(Collected data entries)
--------

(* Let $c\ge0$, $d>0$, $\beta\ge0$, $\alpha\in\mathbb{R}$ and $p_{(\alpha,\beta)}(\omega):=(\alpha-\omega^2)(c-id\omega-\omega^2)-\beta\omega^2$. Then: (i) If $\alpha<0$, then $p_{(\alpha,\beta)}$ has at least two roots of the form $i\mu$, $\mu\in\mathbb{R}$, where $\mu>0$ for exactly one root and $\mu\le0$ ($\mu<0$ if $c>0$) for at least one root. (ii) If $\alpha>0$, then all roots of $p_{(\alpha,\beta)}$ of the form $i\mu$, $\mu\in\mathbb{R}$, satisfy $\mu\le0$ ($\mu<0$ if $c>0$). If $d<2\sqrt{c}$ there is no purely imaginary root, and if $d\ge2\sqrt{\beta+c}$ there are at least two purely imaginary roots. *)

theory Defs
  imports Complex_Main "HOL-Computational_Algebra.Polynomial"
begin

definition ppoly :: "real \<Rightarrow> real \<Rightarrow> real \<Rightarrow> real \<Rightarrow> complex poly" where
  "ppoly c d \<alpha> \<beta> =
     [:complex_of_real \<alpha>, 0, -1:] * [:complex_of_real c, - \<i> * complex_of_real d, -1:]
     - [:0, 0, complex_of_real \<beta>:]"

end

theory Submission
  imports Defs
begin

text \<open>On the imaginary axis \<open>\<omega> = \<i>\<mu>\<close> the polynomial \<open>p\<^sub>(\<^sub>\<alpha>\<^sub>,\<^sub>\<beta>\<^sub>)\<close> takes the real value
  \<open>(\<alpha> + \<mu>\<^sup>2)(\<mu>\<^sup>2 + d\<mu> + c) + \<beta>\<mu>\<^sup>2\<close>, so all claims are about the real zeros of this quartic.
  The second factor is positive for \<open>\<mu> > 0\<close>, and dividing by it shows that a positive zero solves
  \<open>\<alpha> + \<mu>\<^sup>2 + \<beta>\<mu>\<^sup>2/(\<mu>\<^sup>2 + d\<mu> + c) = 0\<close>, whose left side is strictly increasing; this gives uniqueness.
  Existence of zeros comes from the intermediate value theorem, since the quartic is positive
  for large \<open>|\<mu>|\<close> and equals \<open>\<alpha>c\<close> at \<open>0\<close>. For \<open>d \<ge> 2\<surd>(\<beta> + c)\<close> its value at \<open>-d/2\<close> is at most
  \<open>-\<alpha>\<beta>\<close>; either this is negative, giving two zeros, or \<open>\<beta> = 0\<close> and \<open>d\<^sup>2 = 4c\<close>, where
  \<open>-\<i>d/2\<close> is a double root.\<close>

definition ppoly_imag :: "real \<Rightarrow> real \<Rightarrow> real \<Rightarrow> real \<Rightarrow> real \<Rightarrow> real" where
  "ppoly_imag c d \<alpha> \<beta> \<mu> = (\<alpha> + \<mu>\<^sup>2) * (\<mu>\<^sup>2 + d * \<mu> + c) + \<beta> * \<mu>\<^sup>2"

--------

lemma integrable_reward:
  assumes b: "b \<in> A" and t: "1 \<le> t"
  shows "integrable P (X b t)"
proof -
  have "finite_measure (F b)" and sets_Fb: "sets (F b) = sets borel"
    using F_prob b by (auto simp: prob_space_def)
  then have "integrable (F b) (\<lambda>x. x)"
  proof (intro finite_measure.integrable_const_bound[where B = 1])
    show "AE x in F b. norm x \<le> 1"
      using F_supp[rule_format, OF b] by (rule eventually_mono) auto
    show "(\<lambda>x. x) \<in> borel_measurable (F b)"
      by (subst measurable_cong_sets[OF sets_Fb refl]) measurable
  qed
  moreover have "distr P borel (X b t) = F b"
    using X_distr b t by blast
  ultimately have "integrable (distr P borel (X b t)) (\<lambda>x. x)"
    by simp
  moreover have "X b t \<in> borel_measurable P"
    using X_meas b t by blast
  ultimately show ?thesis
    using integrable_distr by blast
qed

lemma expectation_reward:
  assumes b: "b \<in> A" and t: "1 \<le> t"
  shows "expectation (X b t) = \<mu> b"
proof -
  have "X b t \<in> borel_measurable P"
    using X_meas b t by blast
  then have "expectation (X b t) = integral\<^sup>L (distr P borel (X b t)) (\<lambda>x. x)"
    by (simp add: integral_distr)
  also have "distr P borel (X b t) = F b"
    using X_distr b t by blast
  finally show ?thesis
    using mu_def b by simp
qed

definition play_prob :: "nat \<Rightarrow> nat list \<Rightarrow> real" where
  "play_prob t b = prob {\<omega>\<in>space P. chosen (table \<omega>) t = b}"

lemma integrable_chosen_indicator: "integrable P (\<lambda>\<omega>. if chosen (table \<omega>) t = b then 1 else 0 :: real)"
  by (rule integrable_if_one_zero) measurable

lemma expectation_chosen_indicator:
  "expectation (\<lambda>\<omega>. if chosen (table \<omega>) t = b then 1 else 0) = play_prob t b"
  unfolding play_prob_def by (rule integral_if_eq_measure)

--------

• **Task to carry out**: Find all lines holding the word "positive" in the records above and copy them.

• **Task output**:
  The second factor is positive for \<open>\<mu> > 0\<close>, and dividing by it shows that a positive zero solves
  Existence of zeros comes from the intermediate value theorem, since the quartic is positive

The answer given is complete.